(* Let $G$ be a finite simple connected graph of order at least $2$ having a minimum dominating set $D$ with $c(D)\neq \emptyset$. Then the Cartesian product $G \,\square\, H$ is not well-dominated for every finite simple connected graph $H$ of order at least $2$.
   Context: For $u\in A\subseteq V(G)$, $\mathrm{pn}[u,A]=\{x\in V(G): N[x]\cap A=\{u\}\}$; for a dominating set $D$, $c(D)=\{x\in D : \mathrm{pn}[x,D]=\{x\}\}$. A graph is well-dominated if every minimal (with respect to inclusion) dominating set is a minimum dominating set. The Cartesian product $G\,\square\, H$ has vertex set $V(G)\times V(H)$, with $(g_1,h_1)$ adjacent to $(g_2,h_2)$ iff either ($g_1=g_2$ and $h_1h_2\in E(H)$) or ($h_1=h_2$ and $g_1g_2\in E(G)$). *)

theory Defs
  imports Main
begin

definition simple_graph :: "'a set \<Rightarrow> ('a \<Rightarrow> 'a \<Rightarrow> bool) \<Rightarrow> bool" where
  "simple_graph V E \<longleftrightarrow> finite V \<and> (\<forall>x y. E x y \<longrightarrow> x \<in> V \<and> y \<in> V)
     \<and> (\<forall>x y. E x y \<longrightarrow> E y x) \<and> (\<forall>x. \<not> E x x)"

definition connected_graph :: "'a set \<Rightarrow> ('a \<Rightarrow> 'a \<Rightarrow> bool) \<Rightarrow> bool" where
  "connected_graph V E \<longleftrightarrow> V \<noteq> {} \<and> (\<forall>x\<in>V. \<forall>y\<in>V. E\<^sup>*\<^sup>* x y)"

definition closed_nbhd :: "'a set \<Rightarrow> ('a \<Rightarrow> 'a \<Rightarrow> bool) \<Rightarrow> 'a \<Rightarrow> 'a set" where
  "closed_nbhd V E x = insert x {y \<in> V. E x y}"

definition dominating :: "'a set \<Rightarrow> ('a \<Rightarrow> 'a \<Rightarrow> bool) \<Rightarrow> 'a set \<Rightarrow> bool" where
  "dominating V E D \<longleftrightarrow> D \<subseteq> V \<and> (\<forall>v\<in>V. closed_nbhd V E v \<inter> D \<noteq> {})"

definition minimal_dominating :: "'a set \<Rightarrow> ('a \<Rightarrow> 'a \<Rightarrow> bool) \<Rightarrow> 'a set \<Rightarrow> bool" where
  "minimal_dominating V E D \<longleftrightarrow> dominating V E D \<and> (\<forall>D'. D' \<subset> D \<longrightarrow> \<not> dominating V E D')"

definition minimum_dominating :: "'a set \<Rightarrow> ('a \<Rightarrow> 'a \<Rightarrow> bool) \<Rightarrow> 'a set \<Rightarrow> bool" where
  "minimum_dominating V E D \<longleftrightarrow> dominating V E D \<and> (\<forall>D'. dominating V E D' \<longrightarrow> card D \<le> card D')"

definition well_dominated :: "'a set \<Rightarrow> ('a \<Rightarrow> 'a \<Rightarrow> bool) \<Rightarrow> bool" where
  "well_dominated V E \<longleftrightarrow> (\<forall>D. minimal_dominating V E D \<longrightarrow> minimum_dominating V E D)"

definition pn :: "'a set \<Rightarrow> ('a \<Rightarrow> 'a \<Rightarrow> bool) \<Rightarrow> 'a \<Rightarrow> 'a set \<Rightarrow> 'a set" where
  "pn V E u A = {x \<in> V. closed_nbhd V E x \<inter> A = {u}}"

definition cD :: "'a set \<Rightarrow> ('a \<Rightarrow> 'a \<Rightarrow> bool) \<Rightarrow> 'a set \<Rightarrow> 'a set" where
  "cD V E D = {x \<in> D. pn V E x D = {x}}"

definition cprod_edges :: "'a set \<Rightarrow> ('a \<Rightarrow> 'a \<Rightarrow> bool) \<Rightarrow> 'b set \<Rightarrow> ('b \<Rightarrow> 'b \<Rightarrow> bool)
    \<Rightarrow> ('a \<times> 'b) \<Rightarrow> ('a \<times> 'b) \<Rightarrow> bool" where
  "cprod_edges VG EG VH EH p q \<longleftrightarrow> p \<in> VG \<times> VH \<and> q \<in> VG \<times> VH \<and>
     ((fst p = fst q \<and> EH (snd p) (snd q)) \<or> (snd p = snd q \<and> EG (fst p) (fst q)))"

end

theory Submission
  imports Defs
begin

(* By an exchange argument of Bollobas and Cockayne, G has a minimum dominating set B in
   which every vertex has an external private neighbour: among the minimum dominating sets take
   one maximising the number of vertices with a neighbour inside the set; a vertex d without
   external private neighbour has pn[d,B] = {d}, and replacing d by any neighbour of d keeps the
   set minimum dominating while increasing that number.  External private neighbours persist in
   B x V(H), which is therefore a minimal dominating set of the product of size |D| |V(H)|.
   On the other hand, for x in c(D) every vertex other than x is dominated by D - {x}, so
   D x V(H) stays dominating after deleting the single vertex (x, h0), which is dominated by
   (x, h1) for a neighbour h1 of h0. *)

definition external_private_neighbours :: "'a set \<Rightarrow> ('a \<Rightarrow> 'a \<Rightarrow> bool) \<Rightarrow> 'a set \<Rightarrow> bool" where
  "external_private_neighbours V E D \<longleftrightarrow> (\<forall>d\<in>D. pn V E d D - D \<noteq> {})"

definition nonisolated :: "('a \<Rightarrow> 'a \<Rightarrow> bool) \<Rightarrow> 'a set \<Rightarrow> 'a set" where
  "nonisolated E S = {v \<in> S. \<exists>u\<in>S. E v u}"

lemma closed_nbhd_iff: "u \<in> closed_nbhd V E v \<longleftrightarrow> u = v \<or> (u \<in> V \<and> E v u)"
  by (auto simp: closed_nbhd_def)

lemma pn_inside_eq: "v \<in> pn V E u A \<Longrightarrow> v \<in> A \<Longrightarrow> v = u"
  by (auto simp: pn_def closed_nbhd_def)

lemma dominating_finite: "finite V \<Longrightarrow> dominating V E D \<Longrightarrow> finite D"
  by (auto simp: dominating_def intro: finite_subset)

lemma connected_graph_has_neighbour:
  assumes "connected_graph V E" and "card V \<ge> 2" and "v \<in> V"
  shows "\<exists>y. E v y"
proof -
  obtain w where "w \<in> V" "w \<noteq> v"
  proof -
    have "card (V - {v}) \<noteq> 0"
      using assms(2,3) by (simp add: card_Diff_singleton_if)
    then have "V - {v} \<noteq> {}"
      by force
    then show ?thesis
      using that by blast
  qed
  have "E\<^sup>*\<^sup>* v w"
    using assms(1,3) \<open>w \<in> V\<close> by (simp add: connected_graph_def)
  then show ?thesis
    using \<open>w \<noteq> v\<close> by (cases rule: converse_rtranclpE) auto
qed

lemma minimal_dominating_iff_pn:
  "minimal_dominating V E D \<longleftrightarrow> dominating V E D \<and> (\<forall>d\<in>D. pn V E d D \<noteq> {})"
proof
  assume min: "minimal_dominating V E D"
  show "dominating V E D \<and> (\<forall>d\<in>D. pn V E d D \<noteq> {})"
  proof (intro conjI ballI)
    show dom: "dominating V E D"
      using min by (simp add: minimal_dominating_def)
    fix d assume "d \<in> D"
    then have "\<not> dominating V E (D - {d})"
      using min by (auto simp: minimal_dominating_def)
    then obtain v where "v \<in> V" "closed_nbhd V E v \<inter> (D - {d}) = {}"
      using dom by (auto simp: dominating_def)
    moreover have "closed_nbhd V E v \<inter> D \<noteq> {}"
      using dom \<open>v \<in> V\<close> by (simp add: dominating_def)
    ultimately have "v \<in> pn V E d D"
      by (auto simp: pn_def)
    then show "pn V E d D \<noteq> {}"
      by blast
  qed
next
  assume "dominating V E D \<and> (\<forall>d\<in>D. pn V E d D \<noteq> {})"
  then have dom: "dominating V E D" and pn: "\<And>d. d \<in> D \<Longrightarrow> pn V E d D \<noteq> {}"
    by auto
  show "minimal_dominating V E D"
    unfolding minimal_dominating_def
  proof (intro conjI allI impI dom)
    fix D' assume "D' \<subset> D"
    then obtain d where "d \<in> D" "d \<notin> D'"
      by blast
    then obtain v where "v \<in> V" "closed_nbhd V E v \<inter> D = {d}"
      using pn by (auto simp: pn_def)
    then have "closed_nbhd V E v \<inter> D' = {}"
      using \<open>D' \<subset> D\<close> \<open>d \<notin> D'\<close> by auto
    then show "\<not> dominating V E D'"
      using \<open>v \<in> V\<close> by (auto simp: dominating_def)
  qed
qed

lemma minimum_dominating_imp_minimal:
  assumes "finite V" and "minimum_dominating V E D"
  shows "minimal_dominating V E D"
  unfolding minimal_dominating_def
proof (intro conjI allI impI)
  show "dominating V E D"
    using assms(2) by (simp add: minimum_dominating_def)
  then have "finite D"
    using assms(1) dominating_finite by blast
  fix D' assume "D' \<subset> D"
  then have "card D' < card D"
    using \<open>finite D\<close> by (simp add: psubset_card_mono)
  then show "\<not> dominating V E D'"
    using assms(2) by (auto simp: minimum_dominating_def)
qed

lemma minimal_dominating_pn_subset_cD:
  assumes "minimal_dominating V E D" and "d \<in> D" and "pn V E d D \<subseteq> D"
  shows "d \<in> cD V E D"
proof -
  have "pn V E d D \<noteq> {}"
    using assms(1,2) by (simp add: minimal_dominating_iff_pn)
  moreover have "pn V E d D \<subseteq> {d}"
    using assms(3) pn_inside_eq by fastforce
  ultimately show ?thesis
    using assms(2) by (auto simp: cD_def)
qed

═══

**What the exercise asks:** Out of the listing above, reproduce exactly the lines from the one with "theory Submission" up to and including the one with "one maximising the".

**Answer to the exercise:**
theory Submission
  imports Defs
begin

(* By an exchange argument of Bollobas and Cockayne, G has a minimum dominating set B in
   which every vertex has an external private neighbour: among the minimum dominating sets take
   one maximising the number of vertices with a neighbour inside the set; a vertex d without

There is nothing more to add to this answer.